WHAT TO PRODUCE: Range to reproduce from the entries below: the line with "then obtain u", the line with "using Q_edge_subset_card[OF n e] by auto", and every line in between. Give them exactly and give nothing else.
-.-.-
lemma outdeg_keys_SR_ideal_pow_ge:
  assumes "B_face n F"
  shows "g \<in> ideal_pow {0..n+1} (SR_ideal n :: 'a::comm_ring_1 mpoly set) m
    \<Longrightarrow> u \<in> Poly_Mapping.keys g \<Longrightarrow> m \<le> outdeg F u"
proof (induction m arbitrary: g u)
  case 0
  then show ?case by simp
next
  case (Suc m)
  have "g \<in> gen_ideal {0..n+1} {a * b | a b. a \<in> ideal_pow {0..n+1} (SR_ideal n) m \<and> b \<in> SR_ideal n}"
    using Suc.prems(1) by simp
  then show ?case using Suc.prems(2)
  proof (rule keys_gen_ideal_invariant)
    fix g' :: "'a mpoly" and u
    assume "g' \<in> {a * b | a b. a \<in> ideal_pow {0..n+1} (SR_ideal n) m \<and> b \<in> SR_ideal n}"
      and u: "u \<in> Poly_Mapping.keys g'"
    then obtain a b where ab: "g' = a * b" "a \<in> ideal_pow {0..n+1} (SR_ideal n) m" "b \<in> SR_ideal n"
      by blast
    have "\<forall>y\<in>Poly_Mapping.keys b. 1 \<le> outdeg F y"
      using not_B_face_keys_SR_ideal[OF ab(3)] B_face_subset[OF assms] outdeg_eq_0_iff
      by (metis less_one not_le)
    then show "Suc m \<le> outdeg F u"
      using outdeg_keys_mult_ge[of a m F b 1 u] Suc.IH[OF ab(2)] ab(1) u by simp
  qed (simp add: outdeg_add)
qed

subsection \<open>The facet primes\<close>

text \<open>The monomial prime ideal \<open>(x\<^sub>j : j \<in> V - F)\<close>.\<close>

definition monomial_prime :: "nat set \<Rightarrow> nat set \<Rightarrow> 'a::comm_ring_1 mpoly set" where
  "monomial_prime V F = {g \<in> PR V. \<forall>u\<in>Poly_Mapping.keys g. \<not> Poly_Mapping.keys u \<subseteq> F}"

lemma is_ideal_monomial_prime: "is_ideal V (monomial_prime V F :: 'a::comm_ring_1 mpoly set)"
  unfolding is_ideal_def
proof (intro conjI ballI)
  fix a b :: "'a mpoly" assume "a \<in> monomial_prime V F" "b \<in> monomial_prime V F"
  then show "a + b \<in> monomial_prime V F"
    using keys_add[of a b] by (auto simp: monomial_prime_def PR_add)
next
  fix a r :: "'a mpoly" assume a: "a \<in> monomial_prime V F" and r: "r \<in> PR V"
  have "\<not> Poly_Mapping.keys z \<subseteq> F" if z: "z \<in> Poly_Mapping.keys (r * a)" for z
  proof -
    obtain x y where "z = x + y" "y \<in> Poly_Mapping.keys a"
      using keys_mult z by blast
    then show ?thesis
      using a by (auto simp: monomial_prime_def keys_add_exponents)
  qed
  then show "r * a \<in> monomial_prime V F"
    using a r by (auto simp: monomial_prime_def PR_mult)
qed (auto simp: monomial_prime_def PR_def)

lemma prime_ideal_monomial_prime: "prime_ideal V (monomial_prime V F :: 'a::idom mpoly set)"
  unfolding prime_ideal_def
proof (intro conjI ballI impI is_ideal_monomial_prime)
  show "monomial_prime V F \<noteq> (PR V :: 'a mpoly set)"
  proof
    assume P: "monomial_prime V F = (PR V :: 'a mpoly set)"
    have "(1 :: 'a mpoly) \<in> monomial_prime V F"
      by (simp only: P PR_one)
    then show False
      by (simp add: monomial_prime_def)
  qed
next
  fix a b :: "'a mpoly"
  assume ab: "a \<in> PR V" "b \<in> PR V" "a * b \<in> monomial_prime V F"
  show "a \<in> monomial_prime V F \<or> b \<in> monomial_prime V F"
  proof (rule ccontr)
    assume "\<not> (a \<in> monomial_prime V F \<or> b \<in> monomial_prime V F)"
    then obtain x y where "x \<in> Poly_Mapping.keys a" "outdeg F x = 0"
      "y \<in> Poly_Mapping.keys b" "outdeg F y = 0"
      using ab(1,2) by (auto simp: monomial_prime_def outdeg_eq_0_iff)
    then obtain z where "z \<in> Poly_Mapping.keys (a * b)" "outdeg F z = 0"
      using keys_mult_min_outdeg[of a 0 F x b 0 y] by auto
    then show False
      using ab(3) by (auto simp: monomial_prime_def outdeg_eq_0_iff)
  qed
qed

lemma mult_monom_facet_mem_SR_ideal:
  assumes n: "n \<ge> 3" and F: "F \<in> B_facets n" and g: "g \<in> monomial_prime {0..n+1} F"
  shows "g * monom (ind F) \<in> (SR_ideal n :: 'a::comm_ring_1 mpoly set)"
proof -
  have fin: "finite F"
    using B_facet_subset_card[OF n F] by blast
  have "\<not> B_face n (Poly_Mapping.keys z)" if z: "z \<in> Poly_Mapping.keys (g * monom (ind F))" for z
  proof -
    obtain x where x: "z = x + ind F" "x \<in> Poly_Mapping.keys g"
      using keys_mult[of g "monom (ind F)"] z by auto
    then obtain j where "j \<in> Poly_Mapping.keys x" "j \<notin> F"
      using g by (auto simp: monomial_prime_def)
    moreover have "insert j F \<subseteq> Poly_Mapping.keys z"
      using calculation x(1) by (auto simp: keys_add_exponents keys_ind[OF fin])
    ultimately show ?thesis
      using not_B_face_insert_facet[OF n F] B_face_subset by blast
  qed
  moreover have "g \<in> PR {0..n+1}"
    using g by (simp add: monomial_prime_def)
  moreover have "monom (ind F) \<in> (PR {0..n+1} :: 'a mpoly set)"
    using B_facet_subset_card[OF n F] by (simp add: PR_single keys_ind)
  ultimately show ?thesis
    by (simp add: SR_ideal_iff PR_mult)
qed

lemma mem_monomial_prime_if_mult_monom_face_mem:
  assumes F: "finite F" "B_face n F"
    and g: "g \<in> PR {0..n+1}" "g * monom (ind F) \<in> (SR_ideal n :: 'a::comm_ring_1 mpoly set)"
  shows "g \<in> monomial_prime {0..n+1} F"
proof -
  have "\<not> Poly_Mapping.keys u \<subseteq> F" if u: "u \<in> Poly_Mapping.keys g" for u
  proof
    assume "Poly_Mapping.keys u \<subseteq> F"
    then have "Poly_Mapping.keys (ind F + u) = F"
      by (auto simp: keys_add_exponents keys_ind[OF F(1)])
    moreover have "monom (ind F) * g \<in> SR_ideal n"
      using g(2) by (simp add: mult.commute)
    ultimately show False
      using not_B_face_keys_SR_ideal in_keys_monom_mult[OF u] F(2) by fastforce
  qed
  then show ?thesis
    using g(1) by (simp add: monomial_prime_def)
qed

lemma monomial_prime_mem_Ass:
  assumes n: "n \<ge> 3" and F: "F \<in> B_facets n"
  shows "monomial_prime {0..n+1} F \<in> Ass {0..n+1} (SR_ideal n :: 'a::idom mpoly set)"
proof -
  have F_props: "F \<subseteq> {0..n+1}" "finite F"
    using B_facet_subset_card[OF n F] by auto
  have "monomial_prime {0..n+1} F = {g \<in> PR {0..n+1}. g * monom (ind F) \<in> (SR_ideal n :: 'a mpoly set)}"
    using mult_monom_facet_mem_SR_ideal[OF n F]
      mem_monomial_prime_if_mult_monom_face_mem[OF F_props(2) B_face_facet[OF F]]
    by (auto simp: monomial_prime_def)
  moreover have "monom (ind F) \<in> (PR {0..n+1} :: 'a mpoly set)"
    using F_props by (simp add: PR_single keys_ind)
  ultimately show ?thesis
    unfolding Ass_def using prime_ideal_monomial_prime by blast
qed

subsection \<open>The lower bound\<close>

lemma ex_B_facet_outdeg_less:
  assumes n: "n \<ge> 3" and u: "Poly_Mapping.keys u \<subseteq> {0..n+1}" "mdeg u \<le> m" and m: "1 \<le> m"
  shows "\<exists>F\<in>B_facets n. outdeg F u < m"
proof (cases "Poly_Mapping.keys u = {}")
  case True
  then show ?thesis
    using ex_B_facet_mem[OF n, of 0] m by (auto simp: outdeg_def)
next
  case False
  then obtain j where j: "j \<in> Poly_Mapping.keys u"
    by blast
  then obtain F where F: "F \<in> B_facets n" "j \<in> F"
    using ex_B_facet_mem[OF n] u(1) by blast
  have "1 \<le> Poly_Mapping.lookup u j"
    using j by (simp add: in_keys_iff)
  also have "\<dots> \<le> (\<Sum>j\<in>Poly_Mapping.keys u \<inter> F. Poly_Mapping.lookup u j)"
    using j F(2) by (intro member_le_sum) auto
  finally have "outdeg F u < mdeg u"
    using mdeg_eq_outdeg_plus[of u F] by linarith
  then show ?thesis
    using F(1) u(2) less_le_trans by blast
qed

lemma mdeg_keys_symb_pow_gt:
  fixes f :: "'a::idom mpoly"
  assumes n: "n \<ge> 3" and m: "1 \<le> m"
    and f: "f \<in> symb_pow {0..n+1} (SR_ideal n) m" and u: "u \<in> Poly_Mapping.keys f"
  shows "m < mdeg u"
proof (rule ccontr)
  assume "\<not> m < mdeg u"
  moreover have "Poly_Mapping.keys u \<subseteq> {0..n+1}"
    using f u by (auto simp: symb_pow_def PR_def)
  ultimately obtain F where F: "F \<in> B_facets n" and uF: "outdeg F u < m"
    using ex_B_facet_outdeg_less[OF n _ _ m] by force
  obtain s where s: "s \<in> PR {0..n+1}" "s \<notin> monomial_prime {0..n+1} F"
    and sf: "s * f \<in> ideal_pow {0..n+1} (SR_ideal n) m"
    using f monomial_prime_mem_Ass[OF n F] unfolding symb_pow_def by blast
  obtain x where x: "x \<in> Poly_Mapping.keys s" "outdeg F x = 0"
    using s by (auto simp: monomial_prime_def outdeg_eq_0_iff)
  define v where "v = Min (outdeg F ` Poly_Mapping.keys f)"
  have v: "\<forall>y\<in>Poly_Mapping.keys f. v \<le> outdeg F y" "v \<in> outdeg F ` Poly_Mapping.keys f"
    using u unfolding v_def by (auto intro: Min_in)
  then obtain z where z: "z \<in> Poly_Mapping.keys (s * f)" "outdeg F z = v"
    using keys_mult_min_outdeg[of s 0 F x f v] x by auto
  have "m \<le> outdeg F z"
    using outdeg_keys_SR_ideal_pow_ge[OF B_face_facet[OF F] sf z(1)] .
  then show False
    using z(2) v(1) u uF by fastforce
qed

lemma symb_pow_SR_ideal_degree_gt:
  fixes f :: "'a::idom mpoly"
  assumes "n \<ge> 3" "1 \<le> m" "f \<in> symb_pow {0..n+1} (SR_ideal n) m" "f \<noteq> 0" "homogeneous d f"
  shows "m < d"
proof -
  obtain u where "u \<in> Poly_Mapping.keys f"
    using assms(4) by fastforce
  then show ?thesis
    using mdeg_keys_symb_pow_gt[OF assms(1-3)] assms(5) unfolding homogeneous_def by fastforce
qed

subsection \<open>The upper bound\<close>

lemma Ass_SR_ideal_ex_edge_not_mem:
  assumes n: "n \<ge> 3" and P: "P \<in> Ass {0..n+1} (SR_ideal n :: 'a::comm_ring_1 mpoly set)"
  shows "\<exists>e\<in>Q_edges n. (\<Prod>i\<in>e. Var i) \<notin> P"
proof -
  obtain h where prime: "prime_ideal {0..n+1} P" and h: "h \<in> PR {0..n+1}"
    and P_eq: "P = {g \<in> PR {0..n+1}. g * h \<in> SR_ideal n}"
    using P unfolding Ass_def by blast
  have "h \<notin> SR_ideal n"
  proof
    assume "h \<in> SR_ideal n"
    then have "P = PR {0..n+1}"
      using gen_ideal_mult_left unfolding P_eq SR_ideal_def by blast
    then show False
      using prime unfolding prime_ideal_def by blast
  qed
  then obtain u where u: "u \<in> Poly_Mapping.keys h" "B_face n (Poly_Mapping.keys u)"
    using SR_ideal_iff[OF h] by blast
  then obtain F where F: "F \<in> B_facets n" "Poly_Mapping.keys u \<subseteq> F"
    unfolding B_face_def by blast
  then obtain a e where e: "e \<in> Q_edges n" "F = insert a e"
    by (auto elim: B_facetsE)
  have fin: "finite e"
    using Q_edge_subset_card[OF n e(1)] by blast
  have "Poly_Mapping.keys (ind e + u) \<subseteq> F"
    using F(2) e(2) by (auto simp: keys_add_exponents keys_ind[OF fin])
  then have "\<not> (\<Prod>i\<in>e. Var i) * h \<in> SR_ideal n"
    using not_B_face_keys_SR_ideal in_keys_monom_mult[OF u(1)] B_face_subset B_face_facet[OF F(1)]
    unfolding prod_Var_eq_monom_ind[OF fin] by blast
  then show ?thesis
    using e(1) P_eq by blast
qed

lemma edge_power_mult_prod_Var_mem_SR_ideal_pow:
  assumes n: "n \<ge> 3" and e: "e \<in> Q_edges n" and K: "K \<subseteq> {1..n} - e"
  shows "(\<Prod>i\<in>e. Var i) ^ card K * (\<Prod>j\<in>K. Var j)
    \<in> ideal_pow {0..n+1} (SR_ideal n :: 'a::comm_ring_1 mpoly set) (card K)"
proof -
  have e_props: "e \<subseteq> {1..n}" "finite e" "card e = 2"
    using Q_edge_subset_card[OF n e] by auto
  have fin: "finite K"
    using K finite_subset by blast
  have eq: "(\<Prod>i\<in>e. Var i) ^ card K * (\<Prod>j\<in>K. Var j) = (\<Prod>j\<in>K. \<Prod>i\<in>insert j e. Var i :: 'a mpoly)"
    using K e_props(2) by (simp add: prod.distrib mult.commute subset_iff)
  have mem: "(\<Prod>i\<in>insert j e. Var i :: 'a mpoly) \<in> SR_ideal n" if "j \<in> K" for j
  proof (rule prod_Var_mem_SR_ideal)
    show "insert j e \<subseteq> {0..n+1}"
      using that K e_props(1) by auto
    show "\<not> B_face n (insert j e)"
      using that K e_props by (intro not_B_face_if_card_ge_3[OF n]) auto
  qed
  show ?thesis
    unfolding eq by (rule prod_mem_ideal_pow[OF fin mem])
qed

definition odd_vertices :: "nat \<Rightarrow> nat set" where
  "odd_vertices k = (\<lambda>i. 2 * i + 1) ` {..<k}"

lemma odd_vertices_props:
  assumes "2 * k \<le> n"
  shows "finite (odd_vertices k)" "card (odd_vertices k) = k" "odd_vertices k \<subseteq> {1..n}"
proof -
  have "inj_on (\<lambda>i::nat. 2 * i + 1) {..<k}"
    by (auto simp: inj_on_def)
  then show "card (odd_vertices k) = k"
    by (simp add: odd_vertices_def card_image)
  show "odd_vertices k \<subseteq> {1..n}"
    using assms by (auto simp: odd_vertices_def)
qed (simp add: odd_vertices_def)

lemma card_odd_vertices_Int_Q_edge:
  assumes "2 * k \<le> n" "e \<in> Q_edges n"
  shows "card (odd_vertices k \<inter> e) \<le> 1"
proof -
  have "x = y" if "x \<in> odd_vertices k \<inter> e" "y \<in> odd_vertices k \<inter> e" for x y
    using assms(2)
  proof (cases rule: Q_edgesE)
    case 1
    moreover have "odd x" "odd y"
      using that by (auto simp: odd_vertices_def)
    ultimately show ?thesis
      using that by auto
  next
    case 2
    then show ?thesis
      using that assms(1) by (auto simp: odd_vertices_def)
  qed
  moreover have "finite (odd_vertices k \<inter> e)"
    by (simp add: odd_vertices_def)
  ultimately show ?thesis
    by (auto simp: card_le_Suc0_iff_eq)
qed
-.-.-
RESULT FOR THIS EXERCISE:
  then obtain u where u: "u \<in> Poly_Mapping.keys h" "B_face n (Poly_Mapping.keys u)"
    using SR_ideal_iff[OF h] by blast
  then obtain F where F: "F \<in> B_facets n" "Poly_Mapping.keys u \<subseteq> F"
    unfolding B_face_def by blast
  then obtain a e where e: "e \<in> Q_edges n" "F = insert a e"
    by (auto elim: B_facetsE)
  have fin: "finite e"
    using Q_edge_subset_card[OF n e(1)] by blast
  have "Poly_Mapping.keys (ind e + u) \<subseteq> F"
    using F(2) e(2) by (auto simp: keys_add_exponents keys_ind[OF fin])
  then have "\<not> (\<Prod>i\<in>e. Var i) * h \<in> SR_ideal n"
    using not_B_face_keys_SR_ideal in_keys_monom_mult[OF u(1)] B_face_subset B_face_facet[OF F(1)]
    unfolding prod_Var_eq_monom_ind[OF fin] by blast
  then show ?thesis
    using e(1) P_eq by blast
qed

lemma edge_power_mult_prod_Var_mem_SR_ideal_pow:
  assumes n: "n \<ge> 3" and e: "e \<in> Q_edges n" and K: "K \<subseteq> {1..n} - e"
  shows "(\<Prod>i\<in>e. Var i) ^ card K * (\<Prod>j\<in>K. Var j)
    \<in> ideal_pow {0..n+1} (SR_ideal n :: 'a::comm_ring_1 mpoly set) (card K)"
proof -
  have e_props: "e \<subseteq> {1..n}" "finite e" "card e = 2"
    using Q_edge_subset_card[OF n e] by auto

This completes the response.